Quantum Has the Best Supplies and Black Tattoo Ink for Blackwork Tattoos
Solid blackwork, especially when done over large areas requires a significant amount of fill-in work. For blackout tattoos, it is more crucial than with any other tattoo type to use only high-quality tattoo needle cartridges and ink. Pack too deeply, and you risk a blowout. Going over the area too many times can cause excessive tissue breakdown, bleeding, and infection. On the other hand, if the ink is not pigmented enough or packed well, your client could end up with lighter spots, premature fading, or an overall uneven appearance. These issues will be made more noticeable because of the larger areas of solid black tattoo ink.
Fortunately, Quantum has you covered if you want to create safe, outstanding, and long-lasting blackwork tattoos. These are our top recommended products for blackwork tattoos:
Assphalt: Assphalt is the original black tattoo ink that we became known for! With a 70% pigment concentration of both jet black and carbon black pigments, it is ideal for fill-in and solid blackwork. Plus, it will not fade to blue.
Bitchin Black: Bitchin Black is our most versatile black tattoo ink. It is made with a combination of carbon black pigment, jet black pigment, and extreme jet black pigment in an 80% pigment concentration. It is a little thinner than other solid black tattoo inks, so it also works great for outlining. Like Aassphalt, this black tattoo ink will not fade to blue.
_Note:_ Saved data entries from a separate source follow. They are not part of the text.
(* Let $p$ be an odd prime, $m\ge1$ and $n\ge 2$ integers such that $p$ divides $|\mathrm{GL}_m(\mathbb{Z}/2\mathbb{Z})|$. Let $P\in\mathrm{GL}_m(\mathbb{Z}/2\mathbb{Z})$ have order $p$, and let $E\in\mathrm{GL}_n(\mathbb{Z}/p\mathbb{Z})$ be a non-identity diagonal matrix with diagonal entries $(1,\epsilon_2,\dots,\epsilon_n)$, $\epsilon_i\in\{-1,1\}$. On $A = (\mathbb{Z}/2\mathbb{Z})^m\times(\mathbb{Z}/p\mathbb{Z})^n$ (column vectors) define \[ (u,v)\cdot(x,y) = (u + P^{v_1}x,\ v+y),\qquad (u,v)\circ(x,y) = (u+x,\ v + E^{u_1}y), \] where $u=(u_1,\dots,u_m)^T$, $v=(v_1,\dots,v_n)^T$. Then $(A,\cdot,\circ)$ is a skew brace, and if there exists $w\in\mathbb{Z}/p\mathbb{Z}$ such that $P^{w}-I_m$ has a non-zero entry in its first row, then $A$ is not meta-trivial.
   Context: A skew brace is a set $A$ with two group operations $\cdot$ and $\circ$ such that $a\circ(b\cdot c) = (a\circ b)\cdot a^{-1}\cdot(a\circ c)$ for all $a,b,c$, where $a^{-1}$ is the inverse in $(A,\cdot)$. Define $a*b = a^{-1}\cdot(a\circ b)\cdot b^{-1}$ and let $A'$ be the subgroup of $(A,\cdot)$ generated by all $a*b$. $A$ is meta-trivial if $x\circ y = x\cdot y$ for all $x,y\in A'$. *)

theory Defs
  imports "Jordan_Normal_Form.Matrix" "Berlekamp_Zassenhaus.Finite_Field"
    "HOL-Algebra.Generated_Groups"
begin
(* Let $\lambda>0$, let $E_1,E_2,\ldots$ be i.i.d. exponential random variables with rate $\lambda$ (i.e. $\text{Exp}(\lambda)$, mean $1/\lambda$), and let $$X=\prod_{i=1}^{\infty}\min\left\{\sum_{k=1}^iE_k,1\right\}.$$ Then $$X\overset{d}{=}\prod_{i=1}^N U_i,$$ where $N\sim\text{Pois}(\lambda)$, $(U_i)_{i\in\mathbb{N}}$ is an i.i.d. sequence of $\text{U}(0,1)$ random variables independent of $N$, and the product is understood to equal $1$ if $N=0$.
   Context: $\overset{d}{=}$ denotes equality in distribution. $\text{Pois}(\lambda)$ is the Poisson distribution with mean $\lambda$, and $\text{U}(0,1)$ is the uniform distribution on $(0,1)$. *)

theory Defs
  imports "HOL-Probability.Probability"
begin

(* The infinite product  prod_{i>=1} min(sum_{k=1}^i E_k, 1), read as the limit of the
   partial products (indices shifted to start at 0). *)
definition prod_min_partial_sums :: "(nat \<Rightarrow> real) \<Rightarrow> real" where
  "prod_min_partial_sums e = lim (\<lambda>n. \<Prod>i<n. min (\<Sum>k\<le>i. e k) 1)"

end

(*
  Both laws are mixtures, with Poisson(l) weights, of the laws nu_n of products of n independent
  U(0,1) variables; for the right-hand side this is just conditioning on N.

  On the left, let S_k = E_1 + ... + E_k and let n be the number of partial sums that do not
  exceed 1, so that X = S_1 ... S_n. By induction on k, S_k has the Erlang density
  l^k t^(k-1) e^(-l t) / (k-1)! and, given S_k = t, the product S_1 ... S_k is t^k times an
  independent nu_(k-1) variable, because given S_(k+1) = r the ratio (S_k / r)^k is uniform on
  (0,1). Weighting with the overshoot probability P(E_(n+1) > 1 - t) = e^(-l (1 - t)) and
  integrating over t in [0,1] turns the Erlang density into e^(-l) l^n / n! times n t^(n-1), the
  density of a variable whose n-th power is uniform; hence X, restricted to this event, has
  e^(-l) l^n / n! times the law nu_n.
*)
theory Submission
  imports Defs
begin

section \<open>Products of independent uniform variables\<close>

abbreviation unit_uniform :: "real measure" where
  "unit_uniform \<equiv> uniform_measure lborel {0<..<1}"

lemma nn_integral_unit_uniform:
  assumes [measurable]: "f \<in> borel_measurable borel"
  shows "(\<integral>\<^sup>+x. f x \<partial>unit_uniform) = (\<integral>\<^sup>+x. indicator {0..1} x * f x \<partial>lborel)"
proof -
  have "(\<integral>\<^sup>+x. f x \<partial>unit_uniform) = (\<integral>\<^sup>+x. indicator {0<..<1} x * f x \<partial>lborel)"
    by (subst nn_integral_uniform_measure) (auto simp: divide_ennreal_def mult.commute)
  also have "\<dots> = (\<integral>\<^sup>+x. indicator {0..1} x * f x \<partial>lborel)"
  proof (rule nn_integral_cong_AE)
    have "AE x in lborel. x \<notin> {0, 1}"
      by (rule AE_discrete_difference) auto
    then show "AE x in lborel. indicator {0<..<1} x * f x = indicator {0..1} x * f x"
      by eventually_elim (auto split: split_indicator)
  qed
  finally show ?thesis .
qed

primrec prod_uniform_measure :: "nat \<Rightarrow> real measure" where
  "prod_uniform_measure 0 = return borel 1"
| "prod_uniform_measure (Suc n) =
     distr (unit_uniform \<Otimes>\<^sub>M prod_uniform_measure n) borel (\<lambda>(w, p). w * p)"
lemma coeff_pcompose_reflect:
  fixes p :: "real poly"
  assumes "degree p \<le> m"
  shows "coeff (p \<circ>\<^sub>p [:1, -1:]) m = (-1)^m * coeff p m"
proof (cases "degree p = m")
  case True
  then show ?thesis using lead_coeff_comp[of "[:1, -1:]" p] by (simp add: degree_pcompose)
next
  case False
  with assms have "degree (p \<circ>\<^sub>p [:1, -1:]) < m" "degree p < m" by (simp_all add: degree_pcompose)
  then show ?thesis by (simp add: coeff_eq_0)
qed

text \<open>For a + b + 1 = 2c the hypergeometric operator commutes with z \<mapsto> 1 - z, and its polynomial
  solutions of degree at most m are determined by their z^m coefficient.\<close>
theorem hyp2f1_term_reflect:
  assumes "c > 0"
  shows "hyp2f1_term m (real m + 2 * c - 1) c (1 - z) = (-1)^m * hyp2f1_term m (real m + 2 * c - 1) c z"
proof -
  define b where "b = real m + 2 * c - 1"
  define Q where "Q = hyp2f1_poly m b c"
  define D where "D = smult ((-1)^m) (Q \<circ>\<^sub>p [:1, -1:]) - Q"
  have "degree Q \<le> m" unfolding Q_def by (rule degree_hyp2f1_poly)
  have "hypergeometric_op (- real m) b c D = 0"
    using hypergeometric_op_hyp2f1_poly[OF assms] hypergeometric_op_reflect[of "- real m" b c Q]
    by (simp add: D_def Q_def b_def hypergeometric_op_linear)
  moreover have "degree D \<le> m"
    using \<open>degree Q \<le> m\<close> by (simp add: D_def degree_diff_le degree_pcompose)
  moreover have "coeff D m = 0"
    using coeff_pcompose_reflect[OF \<open>degree Q \<le> m\<close>] by (simp add: D_def)
  moreover have "real j + b \<noteq> 0" if "j < m" for j
    using that assms by (simp add: b_def)
  ultimately have "D = 0" by (rule hypergeometric_op_eq_0_imp_eq_0)
  then have "poly D z = 0" by simp
  then have reflected: "(-1)^m * poly Q (1 - z) = poly Q z" by (simp add: D_def poly_pcompose)
  have "((-1::real)^m) * (-1)^m = 1" by (simp flip: power_add)
  with reflected have "poly Q (1 - z) = (-1)^m * poly Q z" by (metis mult.assoc mult_1)
  then show ?thesis by (simp add: Q_def b_def poly_hyp2f1_poly)
qed
lemma first_diff:
  assumes "x \<noteq> y"
  shows "\<forall>m<first_diff x y. x m = y m" "x (first_diff x y) \<noteq> y (first_diff x y)"
proof -
  from assms obtain i where "x i \<noteq> y i" by auto
  then show "x (first_diff x y) \<noteq> y (first_diff x y)" unfolding first_diff_def by (rule LeastI)
  show "\<forall>m<first_diff x y. x m = y m" unfolding first_diff_def using not_less_Least by blast
qed

lemma first_diff_unique:
  assumes "\<forall>m<d. x m = y m" "x d \<noteq> y d"
  shows "first_diff x y = d"
proof -
  have "x \<noteq> y" using assms by auto
  from first_diff[OF this] assms show ?thesis by (metis linorder_neqE_nat)
qed

lemma lex_less_first_diff:
  "lex_less x y \<longleftrightarrow> x \<noteq> y \<and> \<not> x (first_diff x y) \<and> y (first_diff x y)"
proof
  assume "lex_less x y"
  then obtain n where n: "\<forall>m<n. x m = y m" "\<not> x n" "y n" unfolding lex_less_def by auto
  then have "first_diff x y = n" by (intro first_diff_unique) auto
  with n show "x \<noteq> y \<and> \<not> x (first_diff x y) \<and> y (first_diff x y)" by auto
qed (unfold lex_less_def, use first_diff in blast)

lemma lex_less_irrefl: "\<not> lex_less x x"
  unfolding lex_less_def by auto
Magnum Cartridges: Our magnum cartridges are the perfect solution for fill-in and solid blackwork. Choosing the largest mag possible for your design will get you the most even coverage without having to go over the area as many times. This helps prevent tissue breakdown issues that can occur from overworking the area while giving you consistent coverage.
Blackwork tattoos can be both a nod to ancient tattoo traditions and a modern and bold form of self-expression. With the right style, technique, and tools, you have the foundation you need to create exceptional and striking blackwork tattoos.